*** RECORDS FOR THE EXERCISE Section Begins ***
lemma Im_eigenvalue_real_symmetric:
  fixes A :: "real mat"
  assumes A: "A \<in> carrier_mat n n"
    and sym: "\<And>i j. i < n \<Longrightarrow> j < n \<Longrightarrow> A $$ (i, j) = A $$ (j, i)"
    and "eigenvalue (map_mat complex_of_real A) z"
  shows "Im z = 0"
proof -
  let ?C = "map_mat complex_of_real A"
  obtain v where v: "v \<in> carrier_vec n" "v \<noteq> 0\<^sub>v n" "?C *\<^sub>v v = z \<cdot>\<^sub>v v"
    using assms(3) A unfolding eigenvalue_def eigenvector_def by auto
  have Cv: "(\<Sum>j<n. of_real (A $$ (i, j)) * v $ j) = z * v $ i" if "i < n" for i
    using arg_cong[OF v(3), of "\<lambda>w. w $ i"] v(1) A that
    by (simp add: scalar_prod_def atLeast0LessThan)
  define N where "N = (\<Sum>i<n. (cmod (v $ i))\<^sup>2)"
  define q where "q = (\<Sum>i<n. cnj (v $ i) * (\<Sum>j<n. of_real (A $$ (i, j)) * v $ j))"
  have "q = (\<Sum>i<n. cnj (v $ i) * (z * v $ i))"
    unfolding q_def by (intro sum.cong refl) (simp add: Cv)
  also have "\<dots> = z * of_real N"
    unfolding N_def of_real_sum sum_distrib_left
    by (intro sum.cong refl, subst complex_norm_square) (simp add: ac_simps)
  finally have q: "q = z * of_real N" .
  obtain i where i: "i < n" "v $ i \<noteq> 0"
    using v(1,2) by (metis carrier_vecD eq_vecI index_zero_vec(1,2))
  have "0 < (cmod (v $ i))\<^sup>2" using i by simp
  also have "\<dots> \<le> N" unfolding N_def using i by (intro member_le_sum) auto
  finally have "0 < N" .
  moreover have "Im q = 0"
    using cnj_quadratic_form_real_symmetric[OF sym, of n v]
    by (metis q_def Reals_cnj_iff complex_is_Real_iff)
  ultimately show ?thesis using q by simp
qed
(* Let $k$ be a positive integer and suppose the graph $G$ satisfies $\tau(G)=\overline{\tau}(G)=\kappa'(G)=\overline{\kappa'}(G)=k$. Then $G=G_1*_k G_2$ where, for each $i=1,2$, either $G_i=K_1$ or $\tau(G_i)=\overline{\tau}(G_i)=\kappa'(G_i)=\overline{\kappa'}(G_i)=k$.
   Context: Graphs are finite, loopless, possibly with multiple edges. $\kappa'(G)$ is the edge connectivity; $\tau(G)$ is the maximum number of edge-disjoint spanning trees of a connected graph $G$ ($\tau(K_1)=\infty$). $\overline{\kappa'}(G)=\max\{\kappa'(H): H\subseteq G\}$ and $\overline{\tau}(G)=\max\{\tau(H): H\subseteq G\}$, maxima over subgraphs. For vertex-disjoint connected graphs $G_1,G_2$ and a set $K$ of $k$ edges each having one end in $V(G_1)$ and the other in $V(G_2)$, the $k$-edge-join $G_1*_k G_2$ is the graph with vertex set $V(G_1)\cup V(G_2)$ and edge set $E(G_1)\cup E(G_2)\cup K$. *)

theory Defs
  imports Main "HOL-Library.Extended_Nat"
begin

text \<open>Finite loopless multigraphs.  Edges are elements of an abstract type 'e;
  the incidence map inc assigns to every edge its set of two (distinct) ends.\<close>

definition graph :: "('e \<Rightarrow> 'a set) \<Rightarrow> 'a set \<Rightarrow> 'e set \<Rightarrow> bool" where
  "graph inc V E \<longleftrightarrow> finite V \<and> V \<noteq> {} \<and> finite E \<and>
     (\<forall>e\<in>E. inc e \<subseteq> V \<and> card (inc e) = 2)"

definition adj :: "('e \<Rightarrow> 'a set) \<Rightarrow> 'e set \<Rightarrow> ('a \<times> 'a) set" where
  "adj inc E = {(x, y). \<exists>e\<in>E. inc e = {x, y}}"

definition connected_graph :: "('e \<Rightarrow> 'a set) \<Rightarrow> 'a set \<Rightarrow> 'e set \<Rightarrow> bool" where
  "connected_graph inc V E \<longleftrightarrow> (\<forall>u\<in>V. \<forall>v\<in>V. (u, v) \<in> (adj inc E)\<^sup>*)"

definition acyclic_edges :: "('e \<Rightarrow> 'a set) \<Rightarrow> 'e set \<Rightarrow> bool" where
  "acyclic_edges inc T \<longleftrightarrow>
     (\<forall>e\<in>T. \<forall>x y. inc e = {x, y} \<longrightarrow> (x, y) \<notin> (adj inc (T - {e}))\<^sup>*)"

definition spanning_tree :: "('e \<Rightarrow> 'a set) \<Rightarrow> 'a set \<Rightarrow> 'e set \<Rightarrow> 'e set \<Rightarrow> bool" where
  "spanning_tree inc V E T \<longleftrightarrow> T \<subseteq> E \<and> connected_graph inc V T \<and> acyclic_edges inc T"

text \<open>tau: maximum number of edge-disjoint spanning trees (infinite for K_1).\<close>
definition tau :: "('e \<Rightarrow> 'a set) \<Rightarrow> 'a set \<Rightarrow> 'e set \<Rightarrow> enat" where
  "tau inc V E = Sup {enat n | n. \<exists>T :: nat \<Rightarrow> 'e set.
      (\<forall>i<n. spanning_tree inc V E (T i)) \<and>
      (\<forall>i<n. \<forall>j<n. i \<noteq> j \<longrightarrow> T i \<inter> T j = {})}"

text \<open>Edge connectivity: minimum size of an edge set whose removal disconnects
  the graph (infinite for K_1, where no such set exists).\<close>
definition kappa' :: "('e \<Rightarrow> 'a set) \<Rightarrow> 'a set \<Rightarrow> 'e set \<Rightarrow> enat" where
  "kappa' inc V E = Inf {enat (card F) | F. F \<subseteq> E \<and> \<not> connected_graph inc V (E - F)}"
(* Let $\mathcal{X}^*=\big((\mathbb{C}^* )^g\times\Delta^*\big)/\mathbb{Z}^g\to\Delta^*$ be a maximally degenerating family of polarized abelian varieties of type $E=\mathrm{diag}(e_1,\dots,e_g)$, written as below, so that for each $t\in\Delta^*$ the fibre is $\mathcal{X}_t=\mathbb{C}^g/\Lambda_t$ with $$\Lambda_t=E\mathbb{Z}^g\oplus\Omega'(t)\mathbb{Z}^g\subset\mathbb{C}^g,\qquad \Omega'(t)=\Big(\tfrac{e_i}{2\pi\sqrt{-1}}\log p_{i,j}(t)\Big)_{i,j}.$$ Suppose a group $H$ acts holomorphically on $\mathcal{X}^*$, preserving each fibre $\mathcal{X}_t$ and the class $c_1(\mathcal{L}_t)$ (the action need not preserve the zero section). Then for every $h\in H$ and $t\in\Delta^*$, the induced map $h_*\colon H_1(\mathcal{X}_t,\mathbb{Z})=\Lambda_t\to\Lambda_t$ preserves the first direct summand $E\mathbb{Z}^g\cong\mathbb{Z}^g$; denoting its restriction there by $l_h\in\mathrm{GL}(g,\mathbb{Z})$, the map $l\colon H\to\mathrm{GL}(g,\mathbb{Z})$, $h\mapsto l_h$, is a group homomorphism.
   Context: $\Delta$ is the unit disc, $\Delta^*$ the punctured unit disc. Any maximally degenerating family (monodromy of maximal unipotency index) of polarized abelian varieties of dimension $g$ with polarization type $(e_1,\dots,e_g)$, $e_i\mid e_{i+1}$, can be written as $\big((\mathbb{C}^* )^g\times\Delta^*\big)/\mathbb{Z}^g$, where $m\in\mathbb{Z}^g$ acts by $Z_i\mapsto Z_i\prod_j p_{i,j}(t)^{m_j}$ for meromorphic functions $p_{i,j}$ on $\Delta$ with poles only at $0$ and $q_{i,j}:=p_{i,j}^{e_i}$ forming a symmetric matrix. Additive coordinates $z_i$ on $\mathbb{C}^g$ are related to the multiplicative ones by $Z_i=e^{2\pi\sqrt{-1}z_i/e_i}$; this identifies $\mathcal{X}_t=\mathbb{C}^g/\Lambda_t$ with $\Lambda_t$ as in the claim. $\mathcal{L}_t$ denotes the polarization on $\mathcal{X}_t$. *)

theory Defs
  imports "HOL-Complex_Analysis.Complex_Analysis" "HOL-Algebra.Group"
begin

definition punct_disc :: "complex set" where
  "punct_disc = ball 0 1 - {0}"

definition expm :: "('g::finite \<Rightarrow> nat) \<Rightarrow> complex^'g \<Rightarrow> complex^'g" where
  "expm e z = (\<chi> i. exp (2 * of_real pi * \<i> * z$i / of_nat (e i)))"

definition Emb :: "('g::finite \<Rightarrow> nat) \<Rightarrow> int^'g \<Rightarrow> complex^'g" where
  "Emb e m = (\<chi> i. of_nat (e i) * of_int (m$i))"
text \<open>Every multiple x of p is, mod p^2, of the form p * (delta * u) for a unit u mod p and a
  digit delta in [0, p).  This produces the free parameters of the normal forms.\<close>

lemma p_digit:
  fixes p u x :: int
  assumes p: "prime p" and u: "\<not> p dvd u" and x: "p dvd x"
  shows "\<exists>\<delta>. 0 \<le> \<delta> \<and> \<delta> < p \<and> [p * (\<delta> * u) = x] (mod p^2)"
proof -
  have p1: "p > 1" using prime_gt_1_int[OF p] .
  obtain y where y: "x = p * y" using x by blast
  have "coprime u p" using prime_imp_coprime[OF p u] by (simp add: coprime_commute)
  then obtain w where w: "[u * w = 1] (mod p)" using cong_solve_coprime_int by blast
  define \<delta> where "\<delta> = (y * w) mod p"
  have "[\<delta> * u = y * (u * w)] (mod p)"
    by (simp add: \<delta>_def cong_def mod_mult_right_eq algebra_simps)
  also have "[y * (u * w) = y * 1] (mod p)" by (rule cong_mult[OF cong_refl w])
  finally have "[p * (\<delta> * u) = x] (mod p^2)" using cong_scale_p p1 y by simp
  moreover have "0 \<le> \<delta>" "\<delta> < p" using p1 by (simp_all add: \<delta>_def)
  ultimately show ?thesis by blast
qed


section \<open>Quadratic polynomials mod p\<close>

lemma preduce_coeff: "coeff (preduce p q) n = coeff q n mod p"
  by (simp add: preduce_def coeff_map_poly)

lemma preduce_quad: "preduce p [:a,b,c:] = [:a mod p, b mod p, c mod p:]"
  by (auto simp: poly_eq_iff preduce_coeff coeff_pCons split: nat.split)

lemma preduce_1: fixes p :: int shows "p > 1 \<Longrightarrow> preduce p 1 = 1"
  by (auto simp: poly_eq_iff preduce_coeff coeff_1)

lemma preduce_decomp: "q = preduce p q + smult p (map_poly (\<lambda>c. c div p) q)"
  by (simp add: poly_eq_iff preduce_coeff coeff_map_poly)

lemma preduce_add_smult: "preduce p (a + smult p b) = preduce p a"
  by (simp add: poly_eq_iff preduce_coeff)

lemma preduce_mult: "preduce p (g*h) = preduce p (preduce p g * preduce p h)"
proof -
  define g1 g2 h1 h2 where "g1 = preduce p g" "g2 = map_poly (\<lambda>c. c div p) g"
    "h1 = preduce p h" "h2 = map_poly (\<lambda>c. c div p) h"
  have g: "g = g1 + smult p g2" and h: "h = h1 + smult p h2"
    using preduce_decomp unfolding g1_g2_h1_h2_def by blast+
  have "g*h = g1*h1 + smult p (g1*h2 + g2*h1 + smult p (g2*h2))"
    unfolding g h by (simp add: algebra_simps smult_add_right)
  then show ?thesis by (simp add: preduce_add_smult g1_g2_h1_h2_def)
qed

lemma poly_preduce: "[poly (preduce p q) x = poly q x] (mod p)"
proof -
  have "poly q x = poly (preduce p q) x + p * poly (map_poly (\<lambda>c. c div p) q) x"
    by (subst preduce_decomp[of q p]) simp
  then show ?thesis by (simp add: cong_iff_lin)
qed

lemma degree_preduce_ge: "coeff q n mod p \<noteq> 0 \<Longrightarrow> n \<le> degree (preduce p q)"
  by (rule le_degree) (simp add: preduce_coeff)

lemma degree_preduce_le: "degree (preduce p q) \<le> degree q"
  by (rule degree_le) (simp add: preduce_coeff coeff_eq_0)

lemma lead_coeff_preduce:
  fixes p :: int
  assumes p: "prime p" and "preduce p g \<noteq> 0"
  shows "\<not> p dvd lead_coeff (preduce p g)"
proof
  assume d: "p dvd lead_coeff (preduce p g)"
  have "lead_coeff (preduce p g) = coeff g (degree (preduce p g)) mod p" by (simp add: preduce_coeff)
  then have "lead_coeff (preduce p g) = 0"
    using d prime_gt_1_int[OF p] by (metis dvd_imp_mod_0 mod_mod_trivial)
  then show False using assms(2) by simp
qed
*** RECORDS FOR THE EXERCISE Section Ends ***
Write out only the lines that run from the line containing "(\<forall>i<n. spanning_tree inc" through the line containing "F. F \<subseteq>", both included, exactly as they appear above.

*SOLUTION TO THIS PROBLEM*:
      (\<forall>i<n. spanning_tree inc V E (T i)) \<and>
      (\<forall>i<n. \<forall>j<n. i \<noteq> j \<longrightarrow> T i \<inter> T j = {})}"

text \<open>Edge connectivity: minimum size of an edge set whose removal disconnects
  the graph (infinite for K_1, where no such set exists).\<close>
definition kappa' :: "('e \<Rightarrow> 'a set) \<Rightarrow> 'a set \<Rightarrow> 'e set \<Rightarrow> enat" where
  "kappa' inc V E = Inf {enat (card F) | F. F \<subseteq> E \<and> \<not> connected_graph inc V (E - F)}"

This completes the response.